Twenty clinical research centers in Europe agreed to pool their available clamp studies, on the condition that the study subjects met the following criteria: 1) no clinical or laboratory evidence of cardiac, renal, liver, or endocrine disease; 2) a fasting plasma glucose concentration less than 6.7 mmol/L and normal glucose tolerance by WHO criteria (24); 3) normal blood pressure (<160/95 mm Hg); 4) no recent change (10%) in body weight; and 5) no current medication. The present analyses were based on a total of 957 cases, of which 407 originated in northern Europe (Finland, Sweden, and the United Kingdom), 217 in central Europe (Denmark, Germany, and Switzerland), and 333 in southern Europe (Italy, Yugoslavia, and Greece). At each center, the protocol was reviewed and approved by the local ethics committee, and informed consent was obtained from all subjects before their participation.

Protocol

The minimum of information required for each case was: age, anthropometric variables, fasting and steady-state (i.e. final 40 min of a 2-h clamp, see below) plasma glucose, and insulin measurements. Height was measured to the nearest centimeter, weight to the nearest kilogram. The waist-to-hip circumference ratio (WHR), which was available in a subset of 529 subjects from 11 centers, was determined by measuring the waist circumference at the narrowest part of the torso, and the hip circumference in a horizontal plane at the level of the maximal extension of the buttocks.

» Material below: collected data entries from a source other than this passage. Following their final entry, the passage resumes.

(* Let $\Gamma$ be a weighted digraph with vertex set $V$ and normalized matrix of maximum out-forests $\bar J$; let $\widetilde K$ be the union of the vertex sets of all basis bicomponents of $\Gamma$; for $k\in\widetilde K$ let $K(k)$ be the basis bicomponent containing $k$ and $K^+(k)$ the set of vertices reachable by directed paths from $K(k)$ and unreachable from all other basis bicomponents. Then for all $i,j\in V$: (1) $\bar J_{ii}\ge\bar J_{ji}$; (2) if $\bar J_{ii}>\bar J_{ji}$, then $i\in\widetilde K$ and $j\notin K^+(i)$, and $\Gamma$ contains no directed path from $j$ to $i$; (3) if $\bar J_{ii}>\bar J_{ji}>0$, then $j\notin\widetilde K$, and consequently $j$ is not a root in any maximum out-forest of $\Gamma$; (4) if $\bar J_{ij}>0$, then $\bar J_{ii}=\bar J_{ji}$.
   Context: A weighted digraph $\Gamma$ has no loops and each arc has a positive weight. A diverging tree is a rooted directed tree with directed paths from its root to all its other vertices; an out-forest is a spanning subgraph whose weak components are diverging trees; a maximum out-forest is one with the maximum number of arcs. The weight of a subgraph is the product of its arc weights. $\bar J_{ij}$ is the total weight of the maximum out-forests of $\Gamma$ in which $i$ belongs to the tree rooted at $j$, divided by the total weight of all maximum out-forests. A basis bicomponent is a strong component into which no arc enters from outside it. *)

theory Defs
  imports Complex_Main
begin

definition wdigraph :: "'a set \<Rightarrow> ('a \<times> 'a) set \<Rightarrow> ('a \<times> 'a \<Rightarrow> real) \<Rightarrow> bool" where
  "wdigraph V A w \<longleftrightarrow> finite V \<and> A \<subseteq> V \<times> V \<and> (\<forall>v. (v, v) \<notin> A) \<and> (\<forall>e\<in>A. w e > 0)"

definition weak_comp :: "'a set \<Rightarrow> ('a \<times> 'a) set \<Rightarrow> 'a \<Rightarrow> 'a set" where
  "weak_comp V F v = {u \<in> V. (v, u) \<in> (F \<union> F\<inverse>)\<^sup>*}"

text \<open>The arcs of F on the vertex set C form a diverging tree: the underlying
  graph is a tree (connected, which follows from reachability from the root,
  with |C| - 1 arcs) and there is a root from which every vertex of C is
  reachable by a directed path.\<close>
definition diverging_tree :: "'a set \<Rightarrow> ('a \<times> 'a) set \<Rightarrow> bool" where
  "diverging_tree C F \<longleftrightarrow> finite C \<and> F \<subseteq> C \<times> C \<and> card F + 1 = card C \<and>
     (\<exists>r\<in>C. \<forall>u\<in>C. (r, u) \<in> F\<^sup>*)"

definition out_forest :: "'a set \<Rightarrow> ('a \<times> 'a) set \<Rightarrow> ('a \<times> 'a) set \<Rightarrow> bool" where
  "out_forest V A F \<longleftrightarrow> F \<subseteq> A \<and>
     (\<forall>v\<in>V. diverging_tree (weak_comp V F v) (F \<inter> (weak_comp V F v \<times> weak_comp V F v)))"

definition max_out_forest :: "'a set \<Rightarrow> ('a \<times> 'a) set \<Rightarrow> ('a \<times> 'a) set \<Rightarrow> bool" where
  "max_out_forest V A F \<longleftrightarrow> out_forest V A F \<and> (\<forall>G. out_forest V A G \<longrightarrow> card G \<le> card F)"

text \<open>In the out-forest F, vertex i belongs to the tree rooted at j
  (the root of a diverging tree is the vertex from which all vertices of its
  weak component are reachable).\<close>
definition in_tree_rooted :: "'a set \<Rightarrow> ('a \<times> 'a) set \<Rightarrow> 'a \<Rightarrow> 'a \<Rightarrow> bool" where
  "in_tree_rooted V F i j \<longleftrightarrow> i \<in> V \<and> j \<in> V \<and> i \<in> weak_comp V F j \<and>
     (\<forall>u\<in>weak_comp V F j. (j, u) \<in> F\<^sup>*)"

definition is_root :: "'a set \<Rightarrow> ('a \<times> 'a) set \<Rightarrow> 'a \<Rightarrow> bool" where
  "is_root V F j \<longleftrightarrow> in_tree_rooted V F j j"

definition subgraph_weight :: "('a \<times> 'a \<Rightarrow> real) \<Rightarrow> ('a \<times> 'a) set \<Rightarrow> real" where
  "subgraph_weight w F = (\<Prod>e\<in>F. w e)"

definition Jbar :: "'a set \<Rightarrow> ('a \<times> 'a) set \<Rightarrow> ('a \<times> 'a \<Rightarrow> real) \<Rightarrow> 'a \<Rightarrow> 'a \<Rightarrow> real" where
  "Jbar V A w i j =
     (\<Sum>F\<in>{F. max_out_forest V A F \<and> in_tree_rooted V F i j}. subgraph_weight w F) /
     (\<Sum>F\<in>{F. max_out_forest V A F}. subgraph_weight w F)"

definition strong_comp :: "'a set \<Rightarrow> ('a \<times> 'a) set \<Rightarrow> 'a \<Rightarrow> 'a set" where
  "strong_comp V A v = {u \<in> V. (v, u) \<in> A\<^sup>* \<and> (u, v) \<in> A\<^sup>*}"

definition basis_bicomp :: "'a set \<Rightarrow> ('a \<times> 'a) set \<Rightarrow> 'a set \<Rightarrow> bool" where
  "basis_bicomp V A K \<longleftrightarrow> (\<exists>v\<in>V. K = strong_comp V A v) \<and>
     (\<forall>(u, v)\<in>A. v \<in> K \<longrightarrow> u \<in> K)"

definition Ktilde :: "'a set \<Rightarrow> ('a \<times> 'a) set \<Rightarrow> 'a set" where
  "Ktilde V A = \<Union>{K. basis_bicomp V A K}"

definition Kplus :: "'a set \<Rightarrow> ('a \<times> 'a) set \<Rightarrow> 'a \<Rightarrow> 'a set" where
  "Kplus V A k = {v \<in> V. (\<exists>u\<in>strong_comp V A k. (u, v) \<in> A\<^sup>*) \<and>
     (\<forall>K'. basis_bicomp V A K' \<and> K' \<noteq> strong_comp V A k \<longrightarrow> (\<forall>u\<in>K'. (u, v) \<notin> A\<^sup>*))}"

end

theory Submission
  imports Defs
begin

Insulin action was measured in all subjects, by the euglycemic insulin clamp technique (25), using an insulin infusion rate of 1 mU·min^-1 per kilogram of body weight, as previously described (26).

Analytical procedures

Plasma glucose was measured by the glucose oxidase method. Plasma insulin concentrations were measured by RIA.

Data analysis

The body mass index (BMI) was obtained by dividing body weight (in kilograms) by the square of height (in meters). The insulin-stimulated total glucose disposal rate, as measured during steady-state euglycemic hyperinsulinemia (last 40 min of the clamp), was normalized per kilogram of lean body mass (M_lbm); the latter was calculated by Hume’s formula (27). In a subgroup of 457 subjects, direct measurements of lean body mass, by electrical bioimpedance [or the equivalent labeled water technique (28)], were available. The measured and estimated values were very well correlated with one another (r = 0.77, P < 0.0001). The estimated LBM value was therefore used to normalize M values in the entire database.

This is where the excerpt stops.